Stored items
##########

lemma is_kopt_exists:
  assumes "T > 0" "r > 0" "a < 0"
  shows "\<exists>k. is_kopt T r a k"
proof -
  have f_le_J: "f_H2 T a k \<le> J_cost T r a k" for k
    using f_H2_nonneg[of T a k] \<open>r > 0\<close> mult_right_mono[of 1 "1 + r * k\<^sup>2" "f_H2 T a k"]
    by (simp add: J_cost_def)
  have "continuous_on {a<..<k_u T a} (J_cost T r a)"
    unfolding J_cost_def by (intro continuous_intros continuous_on_f_H2 assms)
  moreover have "0 \<in> {a<..<k_u T a}"
    using assms k_u_root(1)[of T a] by simp
  moreover have "eventually (\<lambda>k. J_cost T r a 0 < J_cost T r a k) F"
    if "filterlim (f_H2 T a) at_top F" for F
    using filterlim_at_top_mono[OF that always_eventually[OF allI[OF f_le_J]]]
    by (simp add: filterlim_at_top_dense)
  ultimately obtain k where "k \<in> {a<..<k_u T a}" "\<forall>k'\<in>{a<..<k_u T a}. J_cost T r a k \<le> J_cost T r a k'"
    using continuous_on_attains_inf_if_large_at_ends
      filterlim_f_H2_at_right[OF assms(1,3)] filterlim_f_H2_at_left[OF assms(1,3)] by blast
  then show ?thesis
    unfolding is_kopt_def by auto
qed

lemma inverse_eq_second_order:
  fixes A P :: real
  assumes "A > 0" "P > 0"
  shows "1 / P = 1 / A - (P - A) / A\<^sup>2 + (P - A)\<^sup>2 / (A\<^sup>2 * P)"
  using assms by (simp add: field_simps power2_eq_square)

lemma char_sqnorm_minus_square_plus:
  "char_sqnorm T (- b) k w - (w\<^sup>2 + b\<^sup>2) = k\<^sup>2 + 2 * k * (b * cos (T * w) - w * sin (T * w))"
  by (simp add: char_sqnorm_expand)

lemma has_integral_second_order_expansion:
  assumes "b > 0" "T \<ge> 0"
  shows "((\<lambda>w. 1 / (w\<^sup>2 + b\<^sup>2) - (char_sqnorm T (- b) k w - (w\<^sup>2 + b\<^sup>2)) / (w\<^sup>2 + b\<^sup>2)\<^sup>2
      + c * (1 / (w\<^sup>2 + b\<^sup>2)\<^sup>2))
    has_integral (pi / b * (1 - k * (exp (- T * b) / b) - k\<^sup>2 / (2 * b\<^sup>2)) + c * (pi / (2 * b ^ 3)))) UNIV"
proof -
  have integrand: "1 / (w\<^sup>2 + b\<^sup>2) - (char_sqnorm T (- b) k w - (w\<^sup>2 + b\<^sup>2)) / (w\<^sup>2 + b\<^sup>2)\<^sup>2
      + c * (1 / (w\<^sup>2 + b\<^sup>2)\<^sup>2)
    = 1 / (w\<^sup>2 + b\<^sup>2) - k\<^sup>2 * (1 / (w\<^sup>2 + b\<^sup>2)\<^sup>2)
      - (2 * k) * ((b * cos (T * w) - w * sin (T * w)) / (w\<^sup>2 + b\<^sup>2)\<^sup>2) + c * (1 / (w\<^sup>2 + b\<^sup>2)\<^sup>2)" for w
    unfolding char_sqnorm_minus_square_plus
    by (simp add: add_divide_distrib diff_divide_distrib right_diff_distrib)
  have constant_eq: "pi / b * (1 - k * (exp (- T * b) / b) - k\<^sup>2 / (2 * b\<^sup>2))
      = pi / b - k\<^sup>2 * (pi / (2 * b ^ 3)) - (2 * k) * (pi * exp (- T * b) / (2 * b\<^sup>2))"
    using assms by (simp add: field_simps power2_eq_square power3_eq_cube)
  show ?thesis
    unfolding integrand constant_eq
    by (intro has_integral_add has_integral_diff has_integral_mult_right assms
        has_integral_inverse_square_plus has_integral_inverse_square_plus_squared has_integral_delay_kernel)
qed

lemma f_H2_ge_expansion:
  assumes "b > 0" "T \<ge> 0" and pos: "\<And>w. char_sqnorm T (- b) k w > 0"
  shows "pi / b * (1 - k * (exp (- T * b) / b) - k\<^sup>2 / (2 * b\<^sup>2)) \<le> f_H2 T (- b) k"
proof -
  have "1 / (w\<^sup>2 + b\<^sup>2) - (char_sqnorm T (- b) k w - (w\<^sup>2 + b\<^sup>2)) / (w\<^sup>2 + b\<^sup>2)\<^sup>2 + 0 * (1 / (w\<^sup>2 + b\<^sup>2)\<^sup>2)
      \<le> 1 / char_sqnorm T (- b) k w" for w
    using inverse_eq_second_order[of "w\<^sup>2 + b\<^sup>2" "char_sqnorm T (- b) k w"] pos[of w] \<open>b > 0\<close>
    by (simp add: add_nonneg_pos)
  moreover have "((\<lambda>w. 1 / char_sqnorm T (- b) k w) has_integral f_H2 T (- b) k) UNIV"
    unfolding f_H2_eq_integral_char_sqnorm using \<open>b > 0\<close> pos
    by (intro integrable_integral integrable_inverse_char_sqnorm) auto
  ultimately show ?thesis
    using has_integral_le[OF has_integral_second_order_expansion[OF assms(1,2), of k 0]] by simp
qed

##########

[What is expected]: Your reply is to repeat, unchanged, the lines above running from the one with "has_integral (pi /" up to and including the one with "by (simp add: add_divide_distrib".

[Solution to this task]:
    has_integral (pi / b * (1 - k * (exp (- T * b) / b) - k\<^sup>2 / (2 * b\<^sup>2)) + c * (pi / (2 * b ^ 3)))) UNIV"
proof -
  have integrand: "1 / (w\<^sup>2 + b\<^sup>2) - (char_sqnorm T (- b) k w - (w\<^sup>2 + b\<^sup>2)) / (w\<^sup>2 + b\<^sup>2)\<^sup>2
      + c * (1 / (w\<^sup>2 + b\<^sup>2)\<^sup>2)
    = 1 / (w\<^sup>2 + b\<^sup>2) - k\<^sup>2 * (1 / (w\<^sup>2 + b\<^sup>2)\<^sup>2)
      - (2 * k) * ((b * cos (T * w) - w * sin (T * w)) / (w\<^sup>2 + b\<^sup>2)\<^sup>2) + c * (1 / (w\<^sup>2 + b\<^sup>2)\<^sup>2)" for w
    unfolding char_sqnorm_minus_square_plus
    by (simp add: add_divide_distrib diff_divide_distrib right_diff_distrib)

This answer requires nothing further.